Programmable chips help Microsoft optimize the performance of its cloud services.
The prototype board for Project Catapult (Source: Clayton Cotterell for Wired)
Microsoft has announced a major upgrade of its data center equipment worldwide. This is, first of all, the DC, which provide the Azure cloud service. New equipment is typical for data centers, with the exception of chips. These are reprogrammable arrays of logic elements (field-programmable gate array, FPGA). FPGAs themselves are not new, but using them in data centers is a new idea from Microsoft. According to experts of the corporation, programmable chips will provide hardware acceleration for the implementation of various software algorithms.

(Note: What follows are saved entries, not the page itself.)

lemma degenerate_ranking:
  assumes "finite V" "degenerate k V E"
  shows "\<exists>r :: 'a \<Rightarrow> nat. inj_on r V \<and> r ` V \<subseteq> {..<card V} \<and>
           (\<forall>v\<in>V. card {u \<in> V. E v u \<and> r u < r v} \<le> k)"
  using assms
proof (induction V rule: finite_remove_induct)
  case empty
  then show ?case by simp
next
  case (remove A)
  obtain w where w: "w \<in> A" "card {u \<in> A. E w u} \<le> k"
    using remove.prems remove.hyps(2) unfolding degenerate_def by blast
  \<comment> \<open>the vertex of small degree is put last\<close>
  obtain r :: "'a \<Rightarrow> nat" where "inj_on r (A - {w})" "r ` (A - {w}) \<subseteq> {..<card A - 1}"
    "\<forall>v\<in>A - {w}. card {u \<in> A - {w}. E v u \<and> r u < r v} \<le> k"
    using remove.IH[OF w(1) degenerate_subset[OF remove.prems]] w(1) remove.hyps(1) by auto
  then show ?case using ranking_extend_last[where E = E, OF remove.hyps(1) w] by blast
qed

lemma graph_degeneracy_order:
  assumes "graph V E" "degenerate k V E"
  obtains r where "degeneracy_order k V E r"
proof -
  obtain r :: "'a \<Rightarrow> nat" where r: "inj_on r V" "\<forall>v\<in>V. card {u \<in> V. E v u \<and> r u < r v} \<le> k"
    using degenerate_ranking[OF graphD(1)[OF assms(1)] assms(2)] by blast
  have "back_nbrs E r v = {u \<in> V. E v u \<and> r u < r v}" for v
    using graphD(3)[OF assms(1)] unfolding back_nbrs_def by blast
  then show ?thesis using r by (intro that[of r]) (simp add: degeneracy_order_def)
qed

lemma sum_degree_le:
  assumes "graph V E" "degeneracy_order k V E r"
  shows "(\<Sum>v\<in>V. card {u. E v u}) \<le> 2 * k * card V"
proof -
  note G = graphD[OF assms(1)]
  have inj: "inj_on r V" and back_le: "\<And>v. v \<in> V \<Longrightarrow> card (back_nbrs E r v) \<le> k"
    using assms(2) unfolding degeneracy_order_def by blast+
  define fwd where "fwd v = {u. E v u \<and> r v < r u}" for v
  have nbrs_split: "{u. E v u} \<subseteq> back_nbrs E r v \<union> fwd v" if "v \<in> V" for v
  proof
    fix u assume "u \<in> {u. E v u}"
    then have "E v u" and "u \<in> V" "u \<noteq> v"
      using G(3)[of v u] G(5)[of v] by auto
    then have "r u \<noteq> r v" using inj_onD[OF inj] that by blast
    then show "u \<in> back_nbrs E r v \<union> fwd v"
      using \<open>E v u\<close> unfolding back_nbrs_def fwd_def by auto
  qed
  have card_eq_sum: "card {u. E v u \<and> P u} = (\<Sum>u\<in>V. if E v u \<and> P u then 1 else 0)" for v P
  proof -
    have "{u. E v u \<and> P u} = V \<inter> {u. E v u \<and> P u}" using G(3) by blast
    then show ?thesis using G(1) by (simp add: sum.If_cases)
  qed
  have E_commute: "E u v \<longleftrightarrow> E v u" for u v using G(4) by blast
  \<comment> \<open>double counting the edges directed from lower to higher rank\<close>
  have fwd_sum: "(\<Sum>v\<in>V. card (fwd v)) = (\<Sum>v\<in>V. card (back_nbrs E r v))"
    unfolding fwd_def back_nbrs_def card_eq_sum
    by (subst sum.swap) (simp add: E_commute)
  have "(\<Sum>v\<in>V. card {u. E v u}) \<le> (\<Sum>v\<in>V. card (back_nbrs E r v) + card (fwd v))"
    using nbrs_split graph_finite_nbrs[OF assms(1)]
    by (intro sum_mono order.trans[OF card_mono card_Un_le]) (auto simp: back_nbrs_def fwd_def)
  also have "\<dots> = 2 * (\<Sum>v\<in>V. card (back_nbrs E r v))"
    using fwd_sum by (simp add: sum.distrib)
  also have "\<dots> \<le> 2 * (\<Sum>v\<in>V. k)"
    by (intro mult_le_mono2 sum_mono back_le)
  also have "\<dots> = 2 * k * card V" by simp
  finally show ?thesis .
qed

lemma earlier_within_dist_2_subset:
  assumes G: "graph V E" and inj: "inj_on r V" and v: "v \<in> V"
  shows "{u. r u < r v \<and> within_dist_2 E u v} \<subseteq> back_nbrs E r v \<union>
    (\<Union>z\<in>back_nbrs E r v. {u. E z u}) \<union> (\<Union>z\<in>{z. E v z \<and> r v < r z}. back_nbrs E r z)"
    (is "_ \<subseteq> ?B")
proof
  note G' = graphD[OF G]
  fix u assume "u \<in> {u. r u < r v \<and> within_dist_2 E u v}"
  then have ru: "r u < r v" and path: "E u v \<or> (\<exists>z. E u z \<and> E z v)"
    unfolding within_dist_2_def by auto
  show "u \<in> ?B"
  proof (cases "E u v")
    case True
    then show ?thesis using ru G'(4) unfolding back_nbrs_def by blast
  next
    case False
    then obtain z where z: "E u z" "E z v" using path by blast
    have "r z \<noteq> r v" using inj_onD[OF inj _ G'(2)[OF z(2)] v] G'(5)[of v] z(2) by blast
    then consider "r z < r v" | "r v < r z" by linarith
    then show ?thesis
    proof cases
      case 1
      then have "z \<in> back_nbrs E r v" "u \<in> {u. E z u}"
        using z G'(4) unfolding back_nbrs_def by blast+
      then show ?thesis by blast
    next
      case 2
      then have "z \<in> {z. E v z \<and> r v < r z}" "u \<in> back_nbrs E r z"
        using z ru G'(4) unfolding back_nbrs_def by auto
      then show ?thesis by blast
    qed
  qed
qed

Initially, with the help of FPGA, the corporation planned to optimize the performance of its search service Bing. The company developed and began to implement the first phase of the project calledProject Catapult . As part of this project, Altera's PCI cards (now the owner of Altera is Intel) have added FPGAs to some of the servers responsible for running Bing. According to the authors of the project, this should have improved the performance of the search algorithm ranking algorithm. As it turned out, this assumption was true. Modified servers showed significant performance gains compared to servers, the hardware of which was not subjected to modifications.
It was further proposed to develop specialized integrated circuits, the principle of which would be equivalent to FPGA. Microsoft has already developed such chips for their Hololens video glasses . This has significantly reduced the power consumption of the device and improve its performance. As it turned out, this method is not suitable for the Bing team. The fact is that the search algorithms of the service change very often. And if you start developing chips that are adapted to certain algorithms, while these chips are manufactured and delivered, the search algorithms will change. This means that the chips will become useless (a typical example of hardware lock).

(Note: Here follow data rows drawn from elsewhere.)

(* The homology class $[u_{\mathrm{edge}}(\bar e)]\in H_1(\Sigma;\mathbb Z)$ is divisible by $3$.
   Context: Setup: $D\subset\mathbb R^3$ regular dodecahedron centered at $0$, $\mathcal I\subset\mathrm{SO}(3)$ its rotation group, $\iota=-\mathrm{id}$. $\mathcal K$ = the five inscribed cubes; $V_o:=\mathbb Z^{\mathcal K}/\mathbb Z(\sum_{e\in\mathcal K}e)$, $\bar e$ the image of $e$. $\hat\Sigma$: surface $D$ with an $\mathcal I$- and $\iota$-invariant small open equilateral triangle removed around each vertex; $\Sigma$: $\hat\Sigma$ with boundary points $p\sim\iota p$ identified (closed oriented genus-10 surface). For an oriented edge $y$ of $D$ with initial point $in(y)$, $\delta_y$ is the loop in $\Sigma$ formed by the edge-type cell $y$ and the cell $\iota y$. For fixed $e\in\mathcal K$, $E$ is one of the two 4-element sets of pairwise non-adjacent (in the cube) vertices of $e$. $u_{\mathrm{edge}}:V_o\to Z_1(\Sigma)$ is the $\mathbb Z\mathcal I$-homomorphism with $u_{\mathrm{edge}}(\bar e)=\sum_{x\in E}\sum_{y:\,in(y)=x}\delta_y$. *)

theory Defs
  imports "HOL-Analysis.Analysis" "HOL-Homology.Homology"
begin

definition quotient_top :: "'a topology \<Rightarrow> ('a \<Rightarrow> 'b) \<Rightarrow> 'b topology" where
  "quotient_top X q = topology (\<lambda>U. U \<subseteq> q ` topspace X \<and> openin X {x \<in> topspace X. q x \<in> U})"

definition gold :: real where "gold = (1 + sqrt 5) / 2"

text \<open>Standard vertex set of a regular dodecahedron centred at 0 (circumradius sqrt 3,
 edge length sqrt 5 - 1).\<close>
definition dodec_vertices :: "(real^3) set" where
  "dodec_vertices =
     {vector [a, b, d] | a b d. a \<in> {-1,1} \<and> b \<in> {-1,1} \<and> d \<in> {-1,1}}
   \<union> {vector [0, a / gold, b * gold] | a b. a \<in> {-1,1} \<and> b \<in> {-1,1}}
   \<union> {vector [a / gold, b * gold, 0] | a b. a \<in> {-1,1} \<and> b \<in> {-1,1}}
   \<union> {vector [a * gold, 0, b / gold] | a b. a \<in> {-1,1} \<and> b \<in> {-1,1}}"

definition dodecahedron :: "(real^3) set" where
  "dodecahedron = convex hull dodec_vertices"

definition dodec_adjacent :: "real^3 \<Rightarrow> real^3 \<Rightarrow> bool" where
  "dodec_adjacent v w \<longleftrightarrow> v \<in> dodec_vertices \<and> w \<in> dodec_vertices \<and> dist v w = sqrt 5 - 1"

definition is_cube :: "(real^3) set \<Rightarrow> bool" where
  "is_cube S \<longleftrightarrow> (\<exists>m u1 u2 u3. u1 \<noteq> 0 \<and> norm u2 = norm u1 \<and> norm u3 = norm u1 \<and>
      u1 \<bullet> u2 = 0 \<and> u1 \<bullet> u3 = 0 \<and> u2 \<bullet> u3 = 0 \<and>
      S = {m + e1 *\<^sub>R u1 + e2 *\<^sub>R u2 + e3 *\<^sub>R u3 | e1 e2 e3.
              e1 \<in> {-1,1} \<and> e2 \<in> {-1,1} \<and> e3 \<in> {-1,1}})"

definition inscribed_cubes :: "(real^3) set set" where
  "inscribed_cubes = {S. S \<subseteq> dodec_vertices \<and> is_cube S}"

text \<open>Adjacency of vertices of a cube (joined by a cube edge, i.e. at minimal distance).\<close>
definition cube_adjacent :: "(real^3) set \<Rightarrow> real^3 \<Rightarrow> real^3 \<Rightarrow> bool" where
  "cube_adjacent S x y \<longleftrightarrow> x \<in> S \<and> y \<in> S \<and> x \<noteq> y \<and> (\<forall>z\<in>S. z \<noteq> x \<longrightarrow> dist x y \<le> dist x z)"

text \<open>The parameter c (with sqrt 5 < c < 3) fixes the size of the removed triangles:
 around the vertex v the open cap of the surface of D with x \<bullet> v > c is removed.\<close>
definition Sigma_hat :: "real \<Rightarrow> (real^3) set" where
  "Sigma_hat c = {x \<in> frontier dodecahedron. \<forall>v\<in>dodec_vertices. x \<bullet> v \<le> c}"

definition Sigma_bdry :: "real \<Rightarrow> (real^3) set" where
  "Sigma_bdry c = {x \<in> Sigma_hat c. \<exists>v\<in>dodec_vertices. x \<bullet> v = c}"

definition sigma_class :: "real \<Rightarrow> real^3 \<Rightarrow> (real^3) set" where
  "sigma_class c x = {y \<in> Sigma_hat c. y = x \<or> (x \<in> Sigma_bdry c \<and> y = - x)}"

definition Sigma_top :: "real \<Rightarrow> (real^3) set topology" where
  "Sigma_top c = quotient_top (top_of_set (Sigma_hat c)) (sigma_class c)"

definition seg_simplex :: "real \<Rightarrow> real^3 \<Rightarrow> real^3 \<Rightarrow> (nat \<Rightarrow> real) \<Rightarrow> (real^3) set" where
  "seg_simplex c p q = restrict (\<lambda>t. sigma_class c (p + t 1 *\<^sub>R (q - p))) (standard_simplex 1)"

text \<open>Fraction of an edge of D cut off by a removed triangle.\<close>
definition cut_frac :: "real \<Rightarrow> real" where
  "cut_frac c = (3 - c) / (3 - sqrt 5)"

definition edge_cell :: "real \<Rightarrow> real^3 \<Rightarrow> real^3 \<Rightarrow> (nat \<Rightarrow> real) \<Rightarrow> (real^3) set" where
  "edge_cell c v w = seg_simplex c (v + cut_frac c *\<^sub>R (w - v)) (w + cut_frac c *\<^sub>R (v - w))"

text \<open>delta_y: the loop traversing the cell y and then the cell iota y backwards.\<close>
definition delta :: "real \<Rightarrow> real^3 \<Rightarrow> real^3 \<Rightarrow> (real^3) set chain" where
  "delta c v w = frag_of (edge_cell c v w) - frag_of (edge_cell c (- v) (- w))"

definition u_edge :: "real \<Rightarrow> (real^3) set \<Rightarrow> (real^3) set chain" where
  "u_edge c E = (\<Sum>x\<in>E. \<Sum>w\<in>{w. dodec_adjacent x w}. delta c x w)"

end

theory Submission
  imports Defs
begin

text \<open>Four pairwise non-adjacent vertices of an inscribed cube form a regular tetrahedron (all
  mutual inner products \<open>-1\<close>), and the dodecahedron has exactly ten of these, in five antipodal
  pairs; since \<open>u_edge\<close> changes sign under the antipodal map, five tetrahedra remain. For each
  of them an explicit certificate gives a 2-chain \<open>D\<close>, a signed sum of eight triangulated face
  pieces, and a 1-chain \<open>z\<close>, a signed sum of eight edge cells, with \<open>u_edge(E) = \<partial>D + 3 z\<close>.
  Then \<open>3 \<partial>z = \<partial>u_edge(E) - \<partial>\<partial>D = 0\<close>, so \<open>z\<close> is a cycle and \<open>[u_edge(E)] = 3 [z]\<close>.
  The chain identity is verified by evaluation: vertices have exact coordinates in \<open>\<int>[\<surd>5]\<close>,
  and chains are compared as combinations of segments between corner points, where a segment
  along a cap boundary is identified with its antipode, as in \<open>\<Sigma>\<close>. When the caps are so large
  that they meet along the edges, every edge cell lies in the identified boundary and
  \<open>u_edge(E) = 0\<close>.\<close>

section \<open>Exact arithmetic in \<open>\<int>[\<surd>5]\<close>\<close>

type_synonym zsqrt5 = "int \<times> int"

definition zsqrt5_val :: "zsqrt5 \<Rightarrow> real" where
  "zsqrt5_val x = of_int (fst x) + of_int (snd x) * sqrt 5"

definition zsqrt5_add :: "zsqrt5 \<Rightarrow> zsqrt5 \<Rightarrow> zsqrt5" where
  "zsqrt5_add x y = (fst x + fst y, snd x + snd y)"

definition zsqrt5_diff :: "zsqrt5 \<Rightarrow> zsqrt5 \<Rightarrow> zsqrt5" where
  "zsqrt5_diff x y = (fst x - fst y, snd x - snd y)"

definition zsqrt5_mult :: "zsqrt5 \<Rightarrow> zsqrt5 \<Rightarrow> zsqrt5" where
  "zsqrt5_mult x y = (fst x * fst y + 5 * snd x * snd y, fst x * snd y + snd x * fst y)"

fun zsqrt5_nonneg :: "zsqrt5 \<Rightarrow> bool" where
  "zsqrt5_nonneg (p, q) \<longleftrightarrow>
     (0 \<le> p \<and> 0 \<le> q) \<or> (0 \<le> p \<and> q < 0 \<and> 5 * q\<^sup>2 \<le> p\<^sup>2) \<or> (p < 0 \<and> 0 \<le> q \<and> p\<^sup>2 \<le> 5 * q\<^sup>2)"

lemma zsqrt5_val_add: "zsqrt5_val (zsqrt5_add x y) = zsqrt5_val x + zsqrt5_val y"
  by (simp add: zsqrt5_add_def zsqrt5_val_def algebra_simps)

lemma zsqrt5_val_diff: "zsqrt5_val (zsqrt5_diff x y) = zsqrt5_val x - zsqrt5_val y"
  by (simp add: zsqrt5_diff_def zsqrt5_val_def algebra_simps)

lemma zsqrt5_val_mult: "zsqrt5_val (zsqrt5_mult x y) = zsqrt5_val x * zsqrt5_val y"
  by (simp add: zsqrt5_mult_def zsqrt5_val_def algebra_simps)

lemma zsqrt5_nonneg_val:
  assumes "zsqrt5_nonneg x"
  shows "0 \<le> zsqrt5_val x"
proof (cases x)
  case (Pair p q)
  let ?s = "of_int q * sqrt 5 :: real"
  have sq: "?s\<^sup>2 = of_int (5 * q\<^sup>2)"
    by (simp add: power_mult_distrib)
  have "\<bar>?s\<bar> \<le> \<bar>of_int p\<bar>" if "5 * q\<^sup>2 \<le> p\<^sup>2"
    using that by (simp only: abs_le_square_iff sq flip: of_int_power of_int_le_iff)
  moreover have "\<bar>of_int p\<bar> \<le> \<bar>?s\<bar>" if "p\<^sup>2 \<le> 5 * q\<^sup>2"
    using that by (simp only: abs_le_square_iff sq flip: of_int_power of_int_le_iff)
  moreover have "0 \<le> ?s \<longleftrightarrow> 0 \<le> q"
    by (simp add: zero_le_mult_iff)
  ultimately show ?thesis
    using assms Pair by (auto simp: zsqrt5_val_def)
qed

lemma sqrt5_bounds: "2 < sqrt (5::real)" "sqrt 5 < 3"
  by (simp_all add: real_less_rsqrt real_less_lsqrt)

section \<open>The vertices of the dodecahedron\<close>

type_synonym zsqrt5_vec = "zsqrt5 \<times> zsqrt5 \<times> zsqrt5"

text \<open>A vector is coded by twice its coordinates; for the vertices of \<open>D\<close> (coordinates
  \<open>\<plusminus>1, \<plusminus>gold, \<plusminus>1/gold = \<plusminus>(\<surd>5 - 1)/2\<close>) these lie in \<open>\<int>[\<surd>5]\<close>.\<close>
definition vec_of_code :: "zsqrt5_vec \<Rightarrow> real^3" where
  "vec_of_code x = vector [zsqrt5_val (fst x) / 2, zsqrt5_val (fst (snd x)) / 2, zsqrt5_val (snd (snd x)) / 2]"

But, since the pilot project was, on the whole, successful, FPGAs decided to use it in equipment that provided the work of other services of the company. For example, Azure and Office 365. In this case, specialized chips could be developed without fear of obsolescence in just a couple of weeks. The main problem for Azure are not algorithms at all, but increasing requirements for network bandwidth.
Altera Stratix V board. Microsoft uses similar boards in its Project Catapult project. A
huge number of virtual machines are running in the Azure environment. They are hosted on a limited number of physical servers. In the company's data centers, Hyper-V hypervisor is used for virtualization. Each virtual machine has one or more network adapters through which these machines receive and send network traffic. The hypervisor manages the physical network equipment connected to the Azure network infrastructure. The redirection of traffic from virtual equipment to real and reverse, while maintaining the load balance of equipment, managing the routing of traffic requires the allocation of significant resources.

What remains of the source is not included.